One voice caws from the upper register, a north-of-the-border cry that flutters out of a downturned mouth. It carries protests of war and environmental destruction, introspective carvings of mortality, addiction and politics.

The other is like a bee, one to two sheets to the wind. It’s buzzing but calm, nimble but shaking slightly with vibrato. It’s a southwestern voice that’s stymied interviewers with a hardline realism wrapped in rolling papers, and it’s a voice that’s outlined the modern cowboy, intoned fire-flickered murder narratives and extended its apologies to a spurned lover.

Since 1985, Neil Young and Willie Nelson’s splintered-wood inflections have sung at 27 Farm Aid benefit concerts for family farmers. And before they met Saturday on a cornfield near Neligh, Neb. — on a site straddling the proposed Keystone XL pipeline — the last time these two voices were heard together in the state was 27 years ago, for Farm Aid’s third concert at Memorial Stadium in Lincoln.

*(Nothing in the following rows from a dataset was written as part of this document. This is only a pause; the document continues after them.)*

definition sub_obj_m :: "nat \<Rightarrow> nat \<Rightarrow> real \<Rightarrow> real \<Rightarrow> (nat \<Rightarrow> real vec \<Rightarrow> real) \<Rightarrow> (nat \<Rightarrow> real mat) \<Rightarrow> real vec
     \<Rightarrow> (nat \<Rightarrow> real mat) \<Rightarrow> (nat \<Rightarrow> real vec) \<Rightarrow> real vec \<Rightarrow> real vec \<Rightarrow> real vec \<Rightarrow> real" where
  "sub_obj_m m l \<rho> \<gamma> \<theta> A b P xn xmk yk z =
     \<theta> m z + \<rho> / 2 * sqn (\<gamma> \<cdot>\<^sub>v vsum l (\<lambda>i. A i *\<^sub>v xn i) {1..<m} + (1 - \<gamma>) \<cdot>\<^sub>v (b - A m *\<^sub>v xmk)
        + A m *\<^sub>v z - b - (1 / \<rho>) \<cdot>\<^sub>v yk)
     + 1 / 2 * quad (P m) (z - xmk)"

definition is_argmin :: "real vec set \<Rightarrow> (real vec \<Rightarrow> real) \<Rightarrow> real vec \<Rightarrow> bool" where
  "is_argmin X f z = (z \<in> X \<and> (\<forall>z'\<in>X. f z \<le> f z'))"

text \<open>The L-GADMM sequence: x k i = x_i^k, y k = y^k.\<close>
definition lgadmm_seq :: "nat \<Rightarrow> nat \<Rightarrow> real \<Rightarrow> real \<Rightarrow> (nat \<Rightarrow> real vec \<Rightarrow> real) \<Rightarrow> (nat \<Rightarrow> real vec set)
     \<Rightarrow> (nat \<Rightarrow> real mat) \<Rightarrow> real vec \<Rightarrow> (nat \<Rightarrow> real mat)
     \<Rightarrow> (nat \<Rightarrow> nat \<Rightarrow> real vec) \<Rightarrow> (nat \<Rightarrow> real vec) \<Rightarrow> bool" where
  "lgadmm_seq m l \<rho> \<gamma> \<theta> X A b P x y =
     (in_W m l X (x 0) (y 0) \<and>
      (\<forall>k. (\<forall>j\<in>{1..<m}. is_argmin (X j) (sub_obj m l \<rho> \<theta> A b P (x k) (y k) j) (x (Suc k) j))
         \<and> is_argmin (X m) (sub_obj_m m l \<rho> \<gamma> \<theta> A b P (x (Suc k)) (x k m) (y k)) (x (Suc k) m)
         \<and> y (Suc k) = y k - \<rho> \<cdot>\<^sub>v (\<gamma> \<cdot>\<^sub>v vsum l (\<lambda>i. A i *\<^sub>v x (Suc k) i) {1..<m}
              + (1 - \<gamma>) \<cdot>\<^sub>v (b - A m *\<^sub>v x k m) + A m *\<^sub>v x (Suc k) m - b)))"

definition ybar :: "nat \<Rightarrow> nat \<Rightarrow> real \<Rightarrow> (nat \<Rightarrow> real mat) \<Rightarrow> real vec
     \<Rightarrow> (nat \<Rightarrow> nat \<Rightarrow> real vec) \<Rightarrow> (nat \<Rightarrow> real vec) \<Rightarrow> nat \<Rightarrow> real vec" where
  "ybar m l \<rho> A b x y k = y k - \<rho> \<cdot>\<^sub>v (vsum l (\<lambda>i. A i *\<^sub>v x (Suc k) i) {1..<m} + A m *\<^sub>v x k m - b)"

end

theory Submission
  imports Defs
begin

(*
  Each subproblem of L-GADMM is a linearised proximal step, so its minimiser satisfies a
  variational inequality. Adding these inequalities over the blocks and rewriting the linear
  terms with the multiplier updates bounds the gap at the auxiliary point wbar^k by
  1/2 (||w - w^k||_H^2 - ||w - w^(k+1)||_H^2): the three-point identities of the quadratic forms
  produce the telescoping terms, and what is left over is nonnegative because G_1 and P_m are
  positive definite and gamma < 2. Summing over k = 0..t and using that the gap is convex in its
  first argument (Jensen for theta, linearity for the rest) gives the ergodic estimate.
*)

section \<open>Vectors, matrices and quadratic forms\<close>

lemma mult_mat_vec_smult_mat:
  fixes M :: "real mat"
  assumes "M \<in> carrier_mat nr nc" "v \<in> carrier_vec nc"
  shows "(c \<cdot>\<^sub>m M) *\<^sub>v v = c \<cdot>\<^sub>v (M *\<^sub>v v)"
  using assms by (intro eq_vecI) (auto simp: scalar_prod_def sum_distrib_left mult.assoc)

lemma scalar_prod_transpose_mat:
  fixes A :: "real mat"
  assumes A: "A \<in> carrier_mat l n" and u: "u \<in> carrier_vec n" and y: "y \<in> carrier_vec l"
  shows "u \<bullet> (transpose_mat A *\<^sub>v y) = (A *\<^sub>v u) \<bullet> y"
proof -
  have "u \<bullet> (transpose_mat A *\<^sub>v y) = (transpose_mat A *\<^sub>v y) \<bullet> u"
    using A u y by (intro comm_scalar_prod[of _ n]) auto
  also have "\<dots> = y \<bullet> (A *\<^sub>v u)" by (rule transpose_vec_mult_scalar[OF A u y])
  also have "\<dots> = (A *\<^sub>v u) \<bullet> y" using A u y by (intro comm_scalar_prod[of _ l]) auto
  finally show ?thesis .
qed

lemma scalar_prod_sym_mat_commute:
  fixes P :: "real mat"
  assumes P: "P \<in> carrier_mat n n" "transpose_mat P = P" and r: "r \<in> carrier_vec n" and d: "d \<in> carrier_vec n"
  shows "r \<bullet> (P *\<^sub>v d) = d \<bullet> (P *\<^sub>v r)"
proof -
  have "r \<bullet> (P *\<^sub>v d) = r \<bullet> (transpose_mat P *\<^sub>v d)" using P by simp
  also have "\<dots> = (P *\<^sub>v r) \<bullet> d" by (rule scalar_prod_transpose_mat[OF P(1) r d])
  also have "\<dots> = d \<bullet> (P *\<^sub>v r)" using P r d by (intro comm_scalar_prod[of _ n]) auto
  finally show ?thesis .
qed

lemma scalar_prod_eq_sum:
  "u \<in> carrier_vec l \<Longrightarrow> v \<in> carrier_vec l \<Longrightarrow> u \<bullet> v = (\<Sum>i<l. u $ i * v $ i)"
  unfolding scalar_prod_def by (simp add: atLeast0LessThan)

lemma sqn_eq_sum: "u \<in> carrier_vec l \<Longrightarrow> sqn u = (\<Sum>i<l. u $ i * u $ i)"
  unfolding sqn_def by (rule scalar_prod_eq_sum)

lemma scalar_prod_diff_uminus_swap:
  fixes a u w :: "real vec"
  assumes "a \<in> carrier_vec n" "u \<in> carrier_vec n" "w \<in> carrier_vec n"
  shows "(a - u) \<bullet> (- w) = (u - a) \<bullet> w"
  using assms by (simp add: scalar_prod_eq_sum[of _ n] algebra_simps)

lemma quad_add:
  assumes P: "P \<in> carrier_mat n n" "transpose_mat P = P" and r: "r \<in> carrier_vec n" and d: "d \<in> carrier_vec n"
  shows "quad P (r + d) = quad P r + 2 * (r \<bullet> (P *\<^sub>v d)) + quad P d"
proof -
  have "quad P (r + d) = r \<bullet> (P *\<^sub>v r) + r \<bullet> (P *\<^sub>v d) + (d \<bullet> (P *\<^sub>v r) + d \<bullet> (P *\<^sub>v d))"
    unfolding quad_def using P r d
    by (simp add: mult_add_distrib_mat_vec add_scalar_prod_distrib[of r n d] scalar_prod_add_distrib[of _ n])
  also have "d \<bullet> (P *\<^sub>v r) = r \<bullet> (P *\<^sub>v d)" using scalar_prod_sym_mat_commute[OF P r d] ..
  finally show ?thesis unfolding quad_def by simp
qed

lemma quad_smult:
  assumes "P \<in> carrier_mat n n" "d \<in> carrier_vec n"
  shows "quad P (s \<cdot>\<^sub>v d) = s\<^sup>2 * quad P d"
  unfolding quad_def using assms by (simp add: mult_mat_vec power2_eq_square)

lemma sqn_add_smult:
  assumes "p \<in> carrier_vec l" "q \<in> carrier_vec l"
  shows "sqn (p + s \<cdot>\<^sub>v q) = sqn p + 2 * s * (p \<bullet> q) + s\<^sup>2 * sqn q"
  using assms unfolding sqn_def
  by (simp add: add_scalar_prod_distrib[of _ l] scalar_prod_add_distrib[of _ l] comm_scalar_prod[of p l q]
      power2_eq_square algebra_simps)

lemma vsum_carrier [simp]: "vsum l f I \<in> carrier_vec l"
  and vsum_dim [simp]: "dim_vec (vsum l f I) = l"
  and vsum_index [simp]: "j < l \<Longrightarrow> vsum l f I $ j = (\<Sum>i\<in>I. f i $ j)"
  unfolding vsum_def by auto

lemma vsum_scalar_prod:
  assumes "\<forall>i\<in>I. f i \<in> carrier_vec l" "q \<in> carrier_vec l"
  shows "vsum l f I \<bullet> q = (\<Sum>i\<in>I. f i \<bullet> q)"
proof -
  have "vsum l f I \<bullet> q = (\<Sum>j\<in>{0..<l}. (\<Sum>i\<in>I. f i $ j) * q $ j)"
    using assms unfolding scalar_prod_def by simp
  also have "\<dots> = (\<Sum>i\<in>I. \<Sum>j\<in>{0..<l}. f i $ j * q $ j)"
    by (simp add: sum_distrib_right sum.swap[of _ I])
  also have "\<dots> = (\<Sum>i\<in>I. f i \<bullet> q)"
    using assms unfolding scalar_prod_def by (intro sum.cong) auto
  finally show ?thesis .
qed

section \<open>Optimality of a proximal subproblem\<close>

lemma nonneg_if_small_quadratic_perturbations_nonneg:
  fixes G C :: real
  assumes "\<And>s. 0 < s \<Longrightarrow> s \<le> 1 \<Longrightarrow> 0 \<le> s * G + s\<^sup>2 * C"
  shows "0 \<le> G"
proof (rule ccontr)
  assume "\<not> 0 \<le> G"
  hence G: "G < 0" by simp
  define D where "D = 2 * (\<bar>C\<bar> + 1)"
  have D: "D > 0" unfolding D_def by simp
  define s where "s = min 1 (- G / D)"
  have s: "0 < s" "s \<le> 1" using G D by (auto simp: s_def divide_neg_pos)
  have "s \<le> - G / D" by (simp add: s_def)
  hence "2 * s + 2 * (s * \<bar>C\<bar>) \<le> - G" using D unfolding D_def by (simp add: field_simps)
  moreover have "s * C \<le> s * \<bar>C\<bar>" using s by (simp add: mult_left_mono)
  ultimately have "G + s * C < 0" using s G by linarith
  hence "s * G + s\<^sup>2 * C < 0" using s
    by (metis mult_pos_neg power2_eq_square distrib_left mult.assoc)
  with assms[OF s] show False by simp
qed

text \<open>Compare \<open>zb\<close> with \<open>zb + s (z - zb)\<close>, \<open>0 < s \<le> 1\<close>, and let \<open>s \<rightarrow> 0\<close>.\<close>
lemma argmin_prox_variational_ineq:
  fixes A P :: "real mat" and \<theta> :: "real vec \<Rightarrow> real"
  assumes th: "convex_fun_vec n \<theta>" and Xc: "convex_set_vec n X"
    and A: "A \<in> carrier_mat l n" and v: "v \<in> carrier_vec l"
    and P: "P \<in> carrier_mat n n" "transpose_mat P = P"
    and z0: "z0 \<in> carrier_vec n" and am: "is_argmin X f zb"
    and f: "\<And>z. z \<in> X \<Longrightarrow> f z = \<theta> z + \<rho> / 2 * sqn (A *\<^sub>v z + v) + 1 / 2 * quad P (z - z0)"
    and z: "z \<in> X"
  shows "0 \<le> \<theta> z - \<theta> zb + \<rho> * ((A *\<^sub>v zb + v) \<bullet> (A *\<^sub>v (z - zb))) + (zb - z0) \<bullet> (P *\<^sub>v (z - zb))"
proof -
  have Xsub: "X \<subseteq> carrier_vec n" using Xc unfolding convex_set_vec_def by auto
  have zbX: "zb \<in> X" and zbmin: "\<And>z'. z' \<in> X \<Longrightarrow> f zb \<le> f z'" using am unfolding is_argmin_def by auto
  have zb: "zb \<in> carrier_vec n" and zc: "z \<in> carrier_vec n" using zbX z Xsub by auto
  define d where "d = z - zb"
  define p where "p = A *\<^sub>v zb + v"
  define q where "q = A *\<^sub>v d"
  define r where "r = zb - z0"
  have d: "d \<in> carrier_vec n" and p: "p \<in> carrier_vec l" and q: "q \<in> carrier_vec l" and r: "r \<in> carrier_vec n"
    using zb zc z0 A v by (auto simp: d_def p_def q_def r_def)
  have fzb: "f zb = \<theta> zb + \<rho> / 2 * sqn p + 1 / 2 * quad P r"
    using f[OF zbX] by (simp add: p_def r_def)
  have "0 \<le> s * (\<theta> z - \<theta> zb + \<rho> * (p \<bullet> q) + r \<bullet> (P *\<^sub>v d)) + s\<^sup>2 * (\<rho> / 2 * sqn q + 1 / 2 * quad P d)"
    if s: "0 < s" "s \<le> 1" for s
  proof -
    define zs where "zs = zb + s \<cdot>\<^sub>v d"
    have zs_eq: "zs = s \<cdot>\<^sub>v z + (1 - s) \<cdot>\<^sub>v zb"
      unfolding zs_def d_def using zb zc by (intro eq_vecI) (auto simp: algebra_simps)
    have zsX: "zs \<in> X" using Xc z zbX s unfolding zs_eq convex_set_vec_def by auto
    have th_zs: "\<theta> zs \<le> s * \<theta> z + (1 - s) * \<theta> zb"
      using th zc zb s unfolding zs_eq convex_fun_vec_def by auto
    have Azs: "A *\<^sub>v zs + v = p + s \<cdot>\<^sub>v q"
      unfolding zs_def p_def q_def using A zb d v
      by (intro eq_vecI) (auto simp: mult_add_distrib_mat_vec mult_mat_vec)
    have zs_z0: "zs - z0 = r + s \<cdot>\<^sub>v d" unfolding zs_def r_def using zb z0 d by (intro eq_vecI) auto
    have "quad P (r + s \<cdot>\<^sub>v d) = quad P r + 2 * (s * (r \<bullet> (P *\<^sub>v d))) + s\<^sup>2 * quad P d"
      using quad_add[OF P r, of "s \<cdot>\<^sub>v d"] quad_smult[OF P(1) d] P d r by (simp add: mult_mat_vec)
    hence "f zs = \<theta> zs + \<rho> / 2 * (sqn p + 2 * s * (p \<bullet> q) + s\<^sup>2 * sqn q)
        + 1 / 2 * (quad P r + 2 * (s * (r \<bullet> (P *\<^sub>v d))) + s\<^sup>2 * quad P d)"
      using f[OF zsX] Azs zs_z0 sqn_add_smult[OF p q] by simp
    moreover have "f zb \<le> f zs" using zbmin zsX by blast
    ultimately show ?thesis using fzb th_zs by (simp add: algebra_simps)
  qed
  hence "0 \<le> \<theta> z - \<theta> zb + \<rho> * (p \<bullet> q) + r \<bullet> (P *\<^sub>v d)"
    by (rule nonneg_if_small_quadratic_perturbations_nonneg)
  thus ?thesis unfolding p_def q_def r_def d_def .
qed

courtesy photo by Michael Friberg/Bold Nebraska

But while more than 8,000 people gathered to hear the living legends, among a lineup including world-class Nebraska bands, it was another voice that drew the craned necks of journalists representing the New York Times and MTV, environmental publications and Nebraska newspapers, radio and TV stations.

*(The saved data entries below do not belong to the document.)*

(* Consider the Cannings model described in the context. For $r\in\mathbb{N}$, $k_1,\dots,k_r\ge2$ and $N>k_1+\cdots+k_r$, $$\frac{E[(\nu_{1,N})_{k_1}\cdots(\nu_{r,N})_{k_r}]}{(N)_{k_1+\cdots+k_r}}=E\Big[\frac{(X_{1,N})_{k_1}\cdots(X_{r,N})_{k_r}}{(S_N)_{k_1+\cdots+k_r}}\Big].$$ In particular, $$c_N:=\frac{E[(\nu_{1,N})_2]}{N-1}=N\,E\Big[\frac{X_{1,N}(X_{1,N}-1)}{S_N(S_N-1)}\Big].$$ Moreover, $c_N\ge\frac{\mathbb{P}(X_{1,N}\ge2)^2}{2N}$.
   Context: Cannings model with i.i.d. offspring numbers and sampling: for each $N$, let $X_{1,N},\dots,X_{N,N}$ be i.i.d. random variables with values in $\{1,2,\dots\}$ (the number of offspring of the $N$ individuals of a generation), and $S_N=X_{1,N}+\cdots+X_{N,N}$. Conditionally on these, $N$ of the $S_N$ offspring are sampled uniformly at random without replacement to form the next generation, and $\nu_{k,N}$ denotes the number of sampled offspring of the $k$th individual (so $\sum_k\nu_{k,N}=N$). This is repeated independently in each generation. $(x)_k=x(x-1)\cdots(x-k+1)$ denotes the falling factorial. *)

theory Defs
  imports "HOL-Probability.Probability"
begin

definition ffac :: "real \<Rightarrow> nat \<Rightarrow> real" where
  "ffac x k = (\<Prod>i<k. x - real i)"

text \<open>Joint law of the offspring numbers X_{0,N},...,X_{N-1,N}: i.i.d. with law p
  (individuals are indexed 0..N-1; individual i+1 of the paper is index i).\<close>
definition offspring_pmf :: "nat pmf \<Rightarrow> nat \<Rightarrow> (nat \<Rightarrow> nat) pmf" where
  "offspring_pmf p N = Pi_pmf {..<N} 0 (\<lambda>_. p)"

definition total :: "nat \<Rightarrow> (nat \<Rightarrow> nat) \<Rightarrow> nat" where
  "total N x = (\<Sum>i<N. x i)"

definition offspring_set :: "nat \<Rightarrow> (nat \<Rightarrow> nat) \<Rightarrow> (nat \<times> nat) set" where
  "offspring_set N x = {(i, j). i < N \<and> j < x i}"

definition sample_pmf :: "nat \<Rightarrow> (nat \<Rightarrow> nat) \<Rightarrow> (nat \<times> nat) set pmf" where
  "sample_pmf N x = pmf_of_set {A. A \<subseteq> offspring_set N x \<and> card A = N}"

definition nu :: "(nat \<times> nat) set \<Rightarrow> nat \<Rightarrow> nat" where
  "nu A i = card {j. (i, j) \<in> A}"

definition cannings_pmf :: "nat pmf \<Rightarrow> nat \<Rightarrow> ((nat \<Rightarrow> nat) \<times> (nat \<times> nat) set) pmf" where
  "cannings_pmf p N = do { x \<leftarrow> offspring_pmf p N; A \<leftarrow> sample_pmf N x; return_pmf (x, A) }"

definition cN :: "nat pmf \<Rightarrow> nat \<Rightarrow> real" where
  "cN p N = measure_pmf.expectation (cannings_pmf p N) (\<lambda>(x, A). ffac (real (nu A 0)) 2)
            / (real N - 1)"

end

theory Submission
  imports Defs
begin

text \<open>Given the offspring numbers, the sample is a uniform N-subset of the S_N offspring.
  The product of the (\<nu>_i)_{k_i} counts ordered choices of k_i distinct sampled children of each
  individual i, and a fixed choice of K = k_1 + ... + k_r children lies in the sample with probability
  (N)_K / (S_N)_K; double counting gives the moment formula, and c_N is the case r = 1, k_1 = 2.
  For the lower bound put W = 1{X_1 \<ge> 2} X_1/S_N. Then X_1(X_1-1)/(S_N(S_N-1)) \<ge> W^2/2 and
  E[W^2] \<ge> E[W]^2, while E[W] \<ge> P(X_1 \<ge> 2) E[X_1/S_N] = P(X_1 \<ge> 2)/N: the inequality is
  Chebyshev's association inequality applied to X_1 given the other offspring numbers (X_1/S_N is
  increasing in X_1), the equality is exchangeability.\<close>

lemma ffac_eq_fact_gchoose: "ffac x k = fact k * (x gchoose k)"
  by (simp add: ffac_def gbinomial_mult_fact atLeast0LessThan)

lemma of_nat_choose_eq_ffac: "real (n choose k) = ffac (real n) k / fact k"
  by (simp add: ffac_eq_fact_gchoose binomial_gbinomial)

lemma ffac_Suc: "ffac x (Suc k) = x * ffac (x - 1) k"
  unfolding ffac_def by (subst prod.lessThan_Suc_shift) (simp add: algebra_simps)

lemma ffac_2: "ffac x 2 = x * (x - 1)"
  unfolding ffac_def by (simp add: eval_nat_numeral)

lemma ffac_of_nat_eq_0: "n < k \<Longrightarrow> ffac (real n) k = 0"
  unfolding ffac_def by (rule prod_zero) (auto intro!: bexI[of _ n])

lemma ffac_of_nat_pos: "k \<le> n \<Longrightarrow> ffac (real n) k > 0"
  unfolding ffac_def by (intro prod_pos) auto

lemma ffac_of_nat_nonneg: "ffac (real n) k \<ge> 0"
  using ffac_of_nat_eq_0 ffac_of_nat_pos by (metis less_eq_real_def not_le)

lemma card_distinct_lists_eq_ffac:
  assumes "finite B"
  shows "real (card {xs. length xs = k \<and> distinct xs \<and> set xs \<subseteq> B}) = ffac (real (card B)) k"
  using assms
proof (induction k arbitrary: B)
  case 0
  have "{xs. length xs = 0 \<and> distinct xs \<and> set xs \<subseteq> B} = {[]}" by auto
  thus ?case by (simp add: ffac_def)
next
  case (Suc k)
  define L where "L y = {xs. length xs = k \<and> distinct xs \<and> set xs \<subseteq> B - {y}}" for y
  have split: "{xs. length xs = Suc k \<and> distinct xs \<and> set xs \<subseteq> B} = (\<Union>y\<in>B. (#) y ` L y)"
    unfolding L_def by (auto simp: length_Suc_conv) blast
  have "finite (L y)" for y
    unfolding L_def using finite_lists_length_eq[OF finite_Diff[OF Suc.prems, of "{y}"], of k]
    by (rule finite_subset[rotated]) auto
  hence "card (\<Union>y\<in>B. (#) y ` L y) = (\<Sum>y\<in>B. card ((#) y ` L y))"
    using Suc.prems by (intro card_UN_disjoint) auto
  also have "\<dots> = (\<Sum>y\<in>B. card (L y))"
    by (intro sum.cong refl card_image) auto
  finally have "real (card {xs. length xs = Suc k \<and> distinct xs \<and> set xs \<subseteq> B})
      = (\<Sum>y\<in>B. real (card (L y)))"
    unfolding split by simp
  also have "\<dots> = (\<Sum>y\<in>B. ffac (real (card B) - 1) k)"
  proof (intro sum.cong refl)
    fix y assume "y \<in> B"
    hence "card B \<ge> 1" using Suc.prems by (metis One_nat_def Suc_leI card_gt_0_iff empty_iff)
    thus "real (card (L y)) = ffac (real (card B) - 1) k"
      unfolding L_def using \<open>y \<in> B\<close> Suc by (simp add: card_Diff_singleton of_nat_diff)
  qed
  also have "\<dots> = ffac (real (card B)) (Suc k)"
    by (simp add: ffac_Suc)
  finally show ?case .
qed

It was the voice of a metal windmill, screeching softly before a press conference that preceded the “Harvest the Hope” benefit concert, whose proceeds of nearly $300,000 (according to Bold Nebraska director Jane Kleeb) went to pipeline opponents Bold Nebraska, the Indigenous Environmental Network and the Cowboy and Indian Alliance.

It was as if the wind were standing up, too, taking its place beside Frank Waln, a hip-hop artist from the Rosebud Reservation, who performed before Nelson’s sons, Micah and Lukas. The spinning earth made its humble presence known next to Art and Helen Tanderup, whose 160-acre farmlands hosted the concert, and alongside The Bottle Tops’ Mike Semrad, who spearheaded the recording of an album powered by wind and solar energy.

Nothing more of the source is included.